# Banned: Photos Of Elgin 725 Watches



## Silver Hawk (Dec 2, 2003)

Right, no more photos of watches containing Elgin 725.









The main offenders are:


Larry From Calgary

Watchnutz

and now Harleymanstan


Mods: the ban should only be lifted when I finally get one. :sadwalk:


----------



## mel (Dec 6, 2006)

:dummyspit: :lol: Now you know how the rest of us feel when we look at your Hamiltons - - na-na-na-na nah! :toot:


----------



## jasonm (Nov 22, 2003)




----------



## JonW (Mar 23, 2005)

LOL superb!

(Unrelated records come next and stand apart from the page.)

lemma onorm_id_cases: "onorm (\<lambda>x::'a::real_normed_vector. x) \<in> {0, 1}"
proof (cases "\<exists>x::'a. x \<noteq> 0")
  case True
  then obtain x :: 'a where x: "x \<noteq> 0" by blast
  have "norm x \<le> onorm (\<lambda>x::'a. x) * norm x" using onorm[OF bounded_linear_ident, of x] by simp
  then have "1 \<le> onorm (\<lambda>x::'a. x)" using x by simp
  then show ?thesis using onorm_id_le[where 'a='a] by simp
next
  case False
  then have "(\<lambda>x::'a. x) = (\<lambda>x. 0)" by auto
  then have "onorm (\<lambda>x::'a. x) = 0" using onorm_zero by metis
  then show ?thesis by simp
qed

lemma S0_trivial_effect:
  assumes "trivial_effect (A :: 'a::banach \<Rightarrow> 'a)"
  shows "S0 A = 0"
proof -
  obtain l where A: "A = (\<lambda>x. l *\<^sub>R x)"
    using assms unfolding trivial_effect_def by blast
  define n where "n = onorm (\<lambda>x::'a. x)"
  have onorm_scalar: "onorm (\<lambda>x::'a. s *\<^sub>R x) = \<bar>s\<bar> * n" for s
    unfolding n_def by (rule onorm_scaleR[OF bounded_linear_ident])
  have compl: "(\<lambda>x. x - A x) = (\<lambda>x. (1 - l) *\<^sub>R x)"
    and compose: "(\<lambda>x. A (x - A x)) = (\<lambda>x. (l * (1 - l)) *\<^sub>R x)"
    using A by (auto simp: fun_eq_iff algebra_simps)
  have "S0 A = onorm A * onorm (\<lambda>x::'a. (1 - l) *\<^sub>R x) - onorm (\<lambda>x::'a. (l * (1 - l)) *\<^sub>R x)"
    unfolding S0_def compl compose by (rule refl)
  also have "\<dots> = \<bar>l\<bar> * \<bar>1 - l\<bar> * (n * n - n)"
    unfolding A onorm_scalar abs_mult by (simp add: algebra_simps)
  finally have "S0 A = \<bar>l\<bar> * \<bar>1 - l\<bar> * (n * n - n)" .
  moreover have "n * n = n" using onorm_id_cases n_def by auto
  ultimately show ?thesis by simp
qed

section \<open>Hermitian operators on a complex Hilbert space\<close>

locale complex_hilbert_space =
  fixes cscale :: "complex \<Rightarrow> 'a::banach \<Rightarrow> 'a" and cinner :: "'a \<Rightarrow> 'a \<Rightarrow> complex"
  assumes complex_hilbert: "complex_hilbert cscale cinner"
begin

lemma cscale_add_right: "cscale a (x + y) = cscale a x + cscale a y"
  and cscale_of_real: "cscale (complex_of_real r) x = r *\<^sub>R x"
  and cinner_commute: "cinner x y = cnj (cinner y x)"
  and cinner_add_right: "cinner x (y + z) = cinner x y + cinner x z"
  and cinner_cscale_right: "cinner x (cscale a y) = a * cinner x y"
  and cinner_self: "cinner x x = complex_of_real ((norm x)\<^sup>2)"
  using complex_hilbert unfolding complex_hilbert_def by blast+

Love this thread...

I also want to ban photos of everyone's (well James and Mike) NOS Camy's... LOL


----------



## watchnutz (Jan 18, 2008)

:dummyspit: :tongue2: :crybaby: :tease:

:taz: No more emails to you when I spot one.


----------



## mel (Dec 6, 2006)

I just love that avatar of Bill's (watchnutz) :yes:










It's so true to the guys who used to wander around trying to sell dodgy watches, - but I KNOW you're a gentleman Bill, you would NEVER sidle up to anyone and say

"Pssst! wanna buy a watch!"


----------



## mel (Dec 6, 2006)

Ooops, hit the button twice - deleted content in this edit!


----------